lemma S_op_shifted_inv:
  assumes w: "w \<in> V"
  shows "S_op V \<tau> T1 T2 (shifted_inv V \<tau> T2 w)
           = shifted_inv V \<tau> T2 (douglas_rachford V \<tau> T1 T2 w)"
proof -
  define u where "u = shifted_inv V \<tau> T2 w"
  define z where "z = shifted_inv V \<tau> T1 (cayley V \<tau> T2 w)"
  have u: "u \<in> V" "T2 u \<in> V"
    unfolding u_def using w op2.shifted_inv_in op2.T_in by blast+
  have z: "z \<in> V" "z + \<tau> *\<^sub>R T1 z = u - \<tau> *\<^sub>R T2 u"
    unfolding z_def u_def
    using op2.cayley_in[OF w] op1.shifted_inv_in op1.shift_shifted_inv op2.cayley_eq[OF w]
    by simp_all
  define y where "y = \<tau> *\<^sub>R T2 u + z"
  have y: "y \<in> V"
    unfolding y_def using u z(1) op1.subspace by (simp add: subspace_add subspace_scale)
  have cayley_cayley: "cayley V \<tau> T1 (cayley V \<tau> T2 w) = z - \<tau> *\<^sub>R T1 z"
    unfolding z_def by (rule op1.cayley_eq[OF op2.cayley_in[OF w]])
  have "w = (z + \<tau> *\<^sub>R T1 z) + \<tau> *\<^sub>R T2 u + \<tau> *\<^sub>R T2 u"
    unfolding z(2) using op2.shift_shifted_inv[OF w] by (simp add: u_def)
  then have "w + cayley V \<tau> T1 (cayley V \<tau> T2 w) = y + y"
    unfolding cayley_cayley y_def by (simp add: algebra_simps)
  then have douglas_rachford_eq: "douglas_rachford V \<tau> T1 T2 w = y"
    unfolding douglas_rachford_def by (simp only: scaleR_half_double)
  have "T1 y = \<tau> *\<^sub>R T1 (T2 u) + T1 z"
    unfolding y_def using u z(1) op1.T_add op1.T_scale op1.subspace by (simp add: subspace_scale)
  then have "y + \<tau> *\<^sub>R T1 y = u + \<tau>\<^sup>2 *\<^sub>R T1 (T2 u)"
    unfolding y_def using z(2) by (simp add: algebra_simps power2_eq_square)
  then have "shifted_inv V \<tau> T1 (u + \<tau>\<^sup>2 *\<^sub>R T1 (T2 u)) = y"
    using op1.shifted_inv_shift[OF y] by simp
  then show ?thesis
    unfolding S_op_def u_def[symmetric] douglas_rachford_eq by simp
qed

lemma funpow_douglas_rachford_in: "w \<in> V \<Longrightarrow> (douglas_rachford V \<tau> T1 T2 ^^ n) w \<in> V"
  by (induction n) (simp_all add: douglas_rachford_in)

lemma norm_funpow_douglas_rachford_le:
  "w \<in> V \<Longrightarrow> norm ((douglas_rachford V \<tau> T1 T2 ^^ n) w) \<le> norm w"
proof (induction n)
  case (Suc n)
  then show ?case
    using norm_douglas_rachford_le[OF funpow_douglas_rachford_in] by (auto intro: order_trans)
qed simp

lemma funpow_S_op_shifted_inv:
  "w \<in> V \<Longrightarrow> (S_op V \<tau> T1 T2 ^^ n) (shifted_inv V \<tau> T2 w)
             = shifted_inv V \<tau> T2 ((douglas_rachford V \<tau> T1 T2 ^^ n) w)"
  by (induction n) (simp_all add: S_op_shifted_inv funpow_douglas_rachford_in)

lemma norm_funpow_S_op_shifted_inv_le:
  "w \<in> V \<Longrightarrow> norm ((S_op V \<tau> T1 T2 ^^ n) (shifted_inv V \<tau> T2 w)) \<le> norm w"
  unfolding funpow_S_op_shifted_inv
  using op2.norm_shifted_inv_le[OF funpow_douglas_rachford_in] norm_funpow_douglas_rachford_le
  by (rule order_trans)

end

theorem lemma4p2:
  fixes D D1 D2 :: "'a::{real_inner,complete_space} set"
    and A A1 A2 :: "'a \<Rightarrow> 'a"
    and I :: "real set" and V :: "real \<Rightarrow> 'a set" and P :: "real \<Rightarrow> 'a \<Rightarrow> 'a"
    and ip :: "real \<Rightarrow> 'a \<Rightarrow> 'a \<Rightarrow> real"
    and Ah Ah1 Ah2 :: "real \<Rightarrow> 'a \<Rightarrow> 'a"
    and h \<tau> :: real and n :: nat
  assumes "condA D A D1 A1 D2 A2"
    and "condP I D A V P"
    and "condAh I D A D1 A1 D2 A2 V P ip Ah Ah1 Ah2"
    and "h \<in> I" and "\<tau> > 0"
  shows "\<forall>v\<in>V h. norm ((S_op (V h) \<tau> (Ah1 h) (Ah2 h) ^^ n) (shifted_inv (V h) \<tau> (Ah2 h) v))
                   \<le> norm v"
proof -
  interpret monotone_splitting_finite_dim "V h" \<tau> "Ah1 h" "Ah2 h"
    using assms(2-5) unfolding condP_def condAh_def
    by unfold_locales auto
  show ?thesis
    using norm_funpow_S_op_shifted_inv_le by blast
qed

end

§ **TRY IT**
Every entry should be retyped exactly as it appears.

§ **ANSWER**
lemma S_op_shifted_inv:
  assumes w: "w \<in> V"
  shows "S_op V \<tau> T1 T2 (shifted_inv V \<tau> T2 w)
           = shifted_inv V \<tau> T2 (douglas_rachford V \<tau> T1 T2 w)"
proof -
  define u where "u = shifted_inv V \<tau> T2 w"
  define z where "z = shifted_inv V \<tau> T1 (cayley V \<tau> T2 w)"
  have u: "u \<in> V" "T2 u \<in> V"
    unfolding u_def using w op2.shifted_inv_in op2.T_in by blast+
  have z: "z \<in> V" "z + \<tau> *\<^sub>R T1 z = u - \<tau> *\<^sub>R T2 u"
    unfolding z_def u_def
    using op2.cayley_in[OF w] op1.shifted_inv_in op1.shift_shifted_inv op2.cayley_eq[OF w]
    by simp_all
  define y where "y = \<tau> *\<^sub>R T2 u + z"
  have y: "y \<in> V"
    unfolding y_def using u z(1) op1.subspace by (simp add: subspace_add subspace_scale)
  have cayley_cayley: "cayley V \<tau> T1 (cayley V \<tau> T2 w) = z - \<tau> *\<^sub>R T1 z"
    unfolding z_def by (rule op1.cayley_eq[OF op2.cayley_in[OF w]])
  have "w = (z + \<tau> *\<^sub>R T1 z) + \<tau> *\<^sub>R T2 u + \<tau> *\<^sub>R T2 u"
    unfolding z(2) using op2.shift_shifted_inv[OF w] by (simp add: u_def)
  then have "w + cayley V \<tau> T1 (cayley V \<tau> T2 w) = y + y"
    unfolding cayley_cayley y_def by (simp add: algebra_simps)
  then have douglas_rachford_eq: "douglas_rachford V \<tau> T1 T2 w = y"
    unfolding douglas_rachford_def by (simp only: scaleR_half_double)
  have "T1 y = \<tau> *\<^sub>R T1 (T2 u) + T1 z"
    unfolding y_def using u z(1) op1.T_add op1.T_scale op1.subspace by (simp add: subspace_scale)
  then have "y + \<tau> *\<^sub>R T1 y = u + \<tau>\<^sup>2 *\<^sub>R T1 (T2 u)"
    unfolding y_def using z(2) by (simp add: algebra_simps power2_eq_square)
  then have "shifted_inv V \<tau> T1 (u + \<tau>\<^sup>2 *\<^sub>R T1 (T2 u)) = y"
    using op1.shifted_inv_shift[OF y] by simp
  then show ?thesis
    unfolding S_op_def u_def[symmetric] douglas_rachford_eq by simp
qed

lemma funpow_douglas_rachford_in: "w \<in> V \<Longrightarrow> (douglas_rachford V \<tau> T1 T2 ^^ n) w \<in> V"
  by (induction n) (simp_all add: douglas_rachford_in)

lemma norm_funpow_douglas_rachford_le:
  "w \<in> V \<Longrightarrow> norm ((douglas_rachford V \<tau> T1 T2 ^^ n) w) \<le> norm w"
proof (induction n)
  case (Suc n)
  then show ?case
    using norm_douglas_rachford_le[OF funpow_douglas_rachford_in] by (auto intro: order_trans)
qed simp

lemma funpow_S_op_shifted_inv:
  "w \<in> V \<Longrightarrow> (S_op V \<tau> T1 T2 ^^ n) (shifted_inv V \<tau> T2 w)
             = shifted_inv V \<tau> T2 ((douglas_rachford V \<tau> T1 T2 ^^ n) w)"
  by (induction n) (simp_all add: S_op_shifted_inv funpow_douglas_rachford_in)

lemma norm_funpow_S_op_shifted_inv_le:
  "w \<in> V \<Longrightarrow> norm ((S_op V \<tau> T1 T2 ^^ n) (shifted_inv V \<tau> T2 w)) \<le> norm w"
  unfolding funpow_S_op_shifted_inv
  using op2.norm_shifted_inv_le[OF funpow_douglas_rachford_in] norm_funpow_douglas_rachford_le
  by (rule order_trans)

end

theorem lemma4p2:
  fixes D D1 D2 :: "'a::{real_inner,complete_space} set"
    and A A1 A2 :: "'a \<Rightarrow> 'a"
    and I :: "real set" and V :: "real \<Rightarrow> 'a set" and P :: "real \<Rightarrow> 'a \<Rightarrow> 'a"
    and ip :: "real \<Rightarrow> 'a \<Rightarrow> 'a \<Rightarrow> real"
    and Ah Ah1 Ah2 :: "real \<Rightarrow> 'a \<Rightarrow> 'a"
    and h \<tau> :: real and n :: nat
  assumes "condA D A D1 A1 D2 A2"
    and "condP I D A V P"
    and "condAh I D A D1 A1 D2 A2 V P ip Ah Ah1 Ah2"
    and "h \<in> I" and "\<tau> > 0"
  shows "\<forall>v\<in>V h. norm ((S_op (V h) \<tau> (Ah1 h) (Ah2 h) ^^ n) (shifted_inv (V h) \<tau> (Ah2 h) v))
                   \<le> norm v"
proof -
  interpret monotone_splitting_finite_dim "V h" \<tau> "Ah1 h" "Ah2 h"
    using assms(2-5) unfolding condP_def condAh_def
    by unfold_locales auto
  show ?thesis
    using norm_funpow_S_op_shifted_inv_le by blast
qed

end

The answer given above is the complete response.